DIRECTIONS FOR THIS TASK ::
For this exercise, reproduce the entries below exactly, but only from the line containing "i xs = take" through the line containing "i xs \<longleftrightarrow>", both included.
--- --- ---
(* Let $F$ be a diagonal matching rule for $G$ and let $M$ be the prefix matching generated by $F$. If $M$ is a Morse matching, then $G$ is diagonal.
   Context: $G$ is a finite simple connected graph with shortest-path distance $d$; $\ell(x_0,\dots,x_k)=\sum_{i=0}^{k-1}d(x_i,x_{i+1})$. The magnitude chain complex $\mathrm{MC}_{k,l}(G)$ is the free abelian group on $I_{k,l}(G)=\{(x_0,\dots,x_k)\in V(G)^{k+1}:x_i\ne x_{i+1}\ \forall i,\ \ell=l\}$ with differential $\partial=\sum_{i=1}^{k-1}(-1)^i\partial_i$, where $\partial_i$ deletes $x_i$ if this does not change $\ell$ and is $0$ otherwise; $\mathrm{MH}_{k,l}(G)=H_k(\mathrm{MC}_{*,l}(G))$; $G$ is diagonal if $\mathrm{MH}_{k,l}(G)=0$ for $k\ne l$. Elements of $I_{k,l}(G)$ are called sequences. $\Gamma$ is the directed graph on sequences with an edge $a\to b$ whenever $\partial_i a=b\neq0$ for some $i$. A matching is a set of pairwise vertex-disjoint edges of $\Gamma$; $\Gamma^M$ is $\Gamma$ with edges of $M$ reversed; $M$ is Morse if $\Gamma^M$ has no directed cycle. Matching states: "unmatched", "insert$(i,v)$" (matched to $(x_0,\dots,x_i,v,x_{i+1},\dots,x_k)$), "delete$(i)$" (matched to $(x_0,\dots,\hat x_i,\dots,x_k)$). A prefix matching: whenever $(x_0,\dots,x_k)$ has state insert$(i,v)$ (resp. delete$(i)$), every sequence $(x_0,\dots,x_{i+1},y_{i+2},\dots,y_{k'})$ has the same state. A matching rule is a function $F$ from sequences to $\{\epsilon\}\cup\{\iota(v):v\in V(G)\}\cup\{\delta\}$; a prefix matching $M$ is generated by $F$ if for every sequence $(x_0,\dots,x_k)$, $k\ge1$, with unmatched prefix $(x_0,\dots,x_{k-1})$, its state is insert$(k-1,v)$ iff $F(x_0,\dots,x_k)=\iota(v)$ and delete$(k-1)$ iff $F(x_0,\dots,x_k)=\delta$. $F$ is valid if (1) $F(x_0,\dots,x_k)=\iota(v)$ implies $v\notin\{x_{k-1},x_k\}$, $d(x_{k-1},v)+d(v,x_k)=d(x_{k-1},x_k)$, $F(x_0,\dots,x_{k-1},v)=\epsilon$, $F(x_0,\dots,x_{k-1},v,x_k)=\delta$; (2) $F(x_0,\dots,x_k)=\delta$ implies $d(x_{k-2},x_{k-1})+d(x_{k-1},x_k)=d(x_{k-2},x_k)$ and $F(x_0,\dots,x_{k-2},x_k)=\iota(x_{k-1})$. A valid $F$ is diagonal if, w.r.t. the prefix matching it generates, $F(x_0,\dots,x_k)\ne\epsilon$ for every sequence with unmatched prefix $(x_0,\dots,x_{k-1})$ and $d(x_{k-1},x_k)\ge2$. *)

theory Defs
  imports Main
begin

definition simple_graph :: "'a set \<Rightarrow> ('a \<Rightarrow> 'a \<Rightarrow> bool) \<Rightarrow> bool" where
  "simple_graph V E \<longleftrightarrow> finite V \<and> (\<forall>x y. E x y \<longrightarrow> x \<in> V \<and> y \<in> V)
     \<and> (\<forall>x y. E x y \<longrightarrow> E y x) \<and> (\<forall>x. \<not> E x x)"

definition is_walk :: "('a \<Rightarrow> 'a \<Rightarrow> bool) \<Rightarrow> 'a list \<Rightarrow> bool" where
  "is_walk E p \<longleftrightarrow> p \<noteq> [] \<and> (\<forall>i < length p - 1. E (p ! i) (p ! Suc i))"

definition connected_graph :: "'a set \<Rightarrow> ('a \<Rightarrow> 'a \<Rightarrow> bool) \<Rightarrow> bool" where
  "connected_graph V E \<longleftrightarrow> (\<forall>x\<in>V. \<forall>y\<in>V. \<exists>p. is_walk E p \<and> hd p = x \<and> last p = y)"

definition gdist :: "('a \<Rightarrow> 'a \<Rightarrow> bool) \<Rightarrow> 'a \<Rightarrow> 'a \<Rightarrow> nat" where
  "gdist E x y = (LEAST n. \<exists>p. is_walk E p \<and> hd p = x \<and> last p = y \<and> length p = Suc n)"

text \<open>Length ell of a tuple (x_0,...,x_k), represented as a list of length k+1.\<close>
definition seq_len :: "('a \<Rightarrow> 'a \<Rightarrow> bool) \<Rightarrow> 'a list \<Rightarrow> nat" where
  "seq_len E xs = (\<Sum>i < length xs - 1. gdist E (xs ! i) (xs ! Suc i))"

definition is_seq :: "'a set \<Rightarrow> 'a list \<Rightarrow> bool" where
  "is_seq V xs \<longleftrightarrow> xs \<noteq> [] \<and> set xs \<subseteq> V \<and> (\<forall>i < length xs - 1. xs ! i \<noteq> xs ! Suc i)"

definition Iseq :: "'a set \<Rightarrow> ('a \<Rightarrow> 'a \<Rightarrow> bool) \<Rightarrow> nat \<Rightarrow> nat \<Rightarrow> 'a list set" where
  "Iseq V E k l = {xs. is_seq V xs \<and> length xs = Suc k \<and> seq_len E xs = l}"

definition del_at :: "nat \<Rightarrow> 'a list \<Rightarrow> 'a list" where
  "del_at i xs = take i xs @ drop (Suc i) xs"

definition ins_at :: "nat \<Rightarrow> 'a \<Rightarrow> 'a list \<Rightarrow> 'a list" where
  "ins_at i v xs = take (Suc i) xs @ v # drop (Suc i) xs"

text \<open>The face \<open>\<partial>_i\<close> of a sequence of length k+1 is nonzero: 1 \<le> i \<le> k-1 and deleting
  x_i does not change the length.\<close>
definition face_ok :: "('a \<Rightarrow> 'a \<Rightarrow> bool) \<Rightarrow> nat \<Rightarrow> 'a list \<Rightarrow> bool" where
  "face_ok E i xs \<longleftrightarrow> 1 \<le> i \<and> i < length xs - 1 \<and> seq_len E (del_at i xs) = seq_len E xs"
--- --- ---
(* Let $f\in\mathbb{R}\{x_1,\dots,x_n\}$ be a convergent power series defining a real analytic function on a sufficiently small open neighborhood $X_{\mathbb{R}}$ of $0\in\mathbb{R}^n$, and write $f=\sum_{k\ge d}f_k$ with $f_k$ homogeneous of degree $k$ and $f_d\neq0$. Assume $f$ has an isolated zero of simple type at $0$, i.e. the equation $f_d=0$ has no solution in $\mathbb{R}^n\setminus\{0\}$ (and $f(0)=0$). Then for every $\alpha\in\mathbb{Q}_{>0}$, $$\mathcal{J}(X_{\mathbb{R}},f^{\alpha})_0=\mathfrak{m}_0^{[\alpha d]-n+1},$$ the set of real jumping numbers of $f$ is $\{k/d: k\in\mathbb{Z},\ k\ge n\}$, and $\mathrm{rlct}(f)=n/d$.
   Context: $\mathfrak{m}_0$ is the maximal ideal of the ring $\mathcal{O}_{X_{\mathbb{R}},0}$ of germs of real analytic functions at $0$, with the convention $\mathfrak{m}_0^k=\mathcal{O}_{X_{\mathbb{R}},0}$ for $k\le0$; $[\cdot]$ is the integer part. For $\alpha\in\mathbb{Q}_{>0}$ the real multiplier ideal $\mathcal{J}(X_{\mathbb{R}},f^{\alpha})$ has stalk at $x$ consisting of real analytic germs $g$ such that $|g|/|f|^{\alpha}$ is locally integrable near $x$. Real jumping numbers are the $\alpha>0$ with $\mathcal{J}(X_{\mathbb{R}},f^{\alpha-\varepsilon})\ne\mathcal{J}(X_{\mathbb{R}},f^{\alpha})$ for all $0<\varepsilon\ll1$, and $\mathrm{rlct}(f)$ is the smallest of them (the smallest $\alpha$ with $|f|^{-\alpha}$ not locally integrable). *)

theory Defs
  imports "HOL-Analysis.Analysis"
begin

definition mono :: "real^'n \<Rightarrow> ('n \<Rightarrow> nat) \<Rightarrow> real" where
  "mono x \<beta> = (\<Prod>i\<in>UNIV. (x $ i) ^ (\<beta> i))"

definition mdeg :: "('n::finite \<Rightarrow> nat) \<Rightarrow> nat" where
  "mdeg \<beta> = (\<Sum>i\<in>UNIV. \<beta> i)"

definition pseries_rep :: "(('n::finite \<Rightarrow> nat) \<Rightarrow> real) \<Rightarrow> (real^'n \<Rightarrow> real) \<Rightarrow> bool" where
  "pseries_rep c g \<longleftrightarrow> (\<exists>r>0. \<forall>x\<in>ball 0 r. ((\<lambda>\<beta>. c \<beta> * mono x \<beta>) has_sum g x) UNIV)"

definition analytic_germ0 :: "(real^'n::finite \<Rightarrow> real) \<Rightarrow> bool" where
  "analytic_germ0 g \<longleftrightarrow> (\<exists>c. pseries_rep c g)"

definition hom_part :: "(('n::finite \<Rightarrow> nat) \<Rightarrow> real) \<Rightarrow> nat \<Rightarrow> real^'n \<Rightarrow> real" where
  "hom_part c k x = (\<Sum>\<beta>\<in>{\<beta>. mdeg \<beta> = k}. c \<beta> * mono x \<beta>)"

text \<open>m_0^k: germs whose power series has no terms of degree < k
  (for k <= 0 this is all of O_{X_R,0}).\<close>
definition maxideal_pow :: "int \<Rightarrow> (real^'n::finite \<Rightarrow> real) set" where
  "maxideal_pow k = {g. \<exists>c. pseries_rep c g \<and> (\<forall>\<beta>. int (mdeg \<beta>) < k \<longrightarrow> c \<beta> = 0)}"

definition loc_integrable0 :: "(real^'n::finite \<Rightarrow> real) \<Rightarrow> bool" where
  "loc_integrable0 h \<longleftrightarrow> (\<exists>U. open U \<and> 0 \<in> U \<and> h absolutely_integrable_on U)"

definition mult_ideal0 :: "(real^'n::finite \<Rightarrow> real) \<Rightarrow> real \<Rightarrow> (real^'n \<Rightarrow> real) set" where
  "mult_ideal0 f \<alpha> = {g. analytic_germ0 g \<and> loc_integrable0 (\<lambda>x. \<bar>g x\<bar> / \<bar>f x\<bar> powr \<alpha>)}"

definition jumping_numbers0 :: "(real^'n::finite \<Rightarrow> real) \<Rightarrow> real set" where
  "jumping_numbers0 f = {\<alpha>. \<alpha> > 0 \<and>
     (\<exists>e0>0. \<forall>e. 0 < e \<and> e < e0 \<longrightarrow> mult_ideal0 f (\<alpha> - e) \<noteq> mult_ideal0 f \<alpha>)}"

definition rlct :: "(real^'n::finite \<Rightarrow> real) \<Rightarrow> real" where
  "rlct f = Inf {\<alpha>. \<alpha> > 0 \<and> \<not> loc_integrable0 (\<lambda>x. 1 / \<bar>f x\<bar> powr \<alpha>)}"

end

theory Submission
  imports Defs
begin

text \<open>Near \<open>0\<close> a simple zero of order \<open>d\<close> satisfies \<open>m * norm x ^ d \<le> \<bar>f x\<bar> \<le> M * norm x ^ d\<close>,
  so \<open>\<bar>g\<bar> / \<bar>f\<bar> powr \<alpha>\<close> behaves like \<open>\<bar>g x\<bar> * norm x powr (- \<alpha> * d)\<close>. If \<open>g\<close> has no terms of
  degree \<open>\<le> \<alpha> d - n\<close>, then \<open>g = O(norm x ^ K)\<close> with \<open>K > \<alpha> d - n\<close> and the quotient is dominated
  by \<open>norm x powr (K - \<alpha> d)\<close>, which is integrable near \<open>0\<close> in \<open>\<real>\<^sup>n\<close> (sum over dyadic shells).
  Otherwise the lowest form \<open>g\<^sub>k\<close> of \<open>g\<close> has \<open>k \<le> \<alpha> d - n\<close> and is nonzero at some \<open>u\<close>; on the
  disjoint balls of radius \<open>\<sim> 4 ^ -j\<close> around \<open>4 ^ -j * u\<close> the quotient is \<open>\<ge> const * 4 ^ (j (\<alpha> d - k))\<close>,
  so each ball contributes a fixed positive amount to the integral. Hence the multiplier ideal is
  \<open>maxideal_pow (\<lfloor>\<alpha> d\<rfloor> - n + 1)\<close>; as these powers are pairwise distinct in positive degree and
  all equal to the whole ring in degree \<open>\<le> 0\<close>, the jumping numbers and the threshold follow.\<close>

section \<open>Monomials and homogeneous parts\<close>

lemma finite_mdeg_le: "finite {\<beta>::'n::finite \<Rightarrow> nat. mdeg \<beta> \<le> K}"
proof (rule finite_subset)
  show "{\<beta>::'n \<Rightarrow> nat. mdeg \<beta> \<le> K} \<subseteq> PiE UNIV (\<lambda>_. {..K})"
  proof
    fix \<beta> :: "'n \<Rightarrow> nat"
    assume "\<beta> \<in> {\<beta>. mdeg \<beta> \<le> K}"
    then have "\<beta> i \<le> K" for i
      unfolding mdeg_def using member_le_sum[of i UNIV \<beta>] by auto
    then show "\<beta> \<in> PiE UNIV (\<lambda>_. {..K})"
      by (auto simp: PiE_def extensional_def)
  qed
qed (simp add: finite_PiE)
--- --- ---
YOUR RESPONSE ::
  "del_at i xs = take i xs @ drop (Suc i) xs"

definition ins_at :: "nat \<Rightarrow> 'a \<Rightarrow> 'a list \<Rightarrow> 'a list" where
  "ins_at i v xs = take (Suc i) xs @ v # drop (Suc i) xs"

text \<open>The face \<open>\<partial>_i\<close> of a sequence of length k+1 is nonzero: 1 \<le> i \<le> k-1 and deleting
  x_i does not change the length.\<close>
definition face_ok :: "('a \<Rightarrow> 'a \<Rightarrow> bool) \<Rightarrow> nat \<Rightarrow> 'a list \<Rightarrow> bool" where
  "face_ok E i xs \<longleftrightarrow> 1 \<le> i \<and> i < length xs - 1 \<and> seq_len E (del_at i xs) = seq_len E xs"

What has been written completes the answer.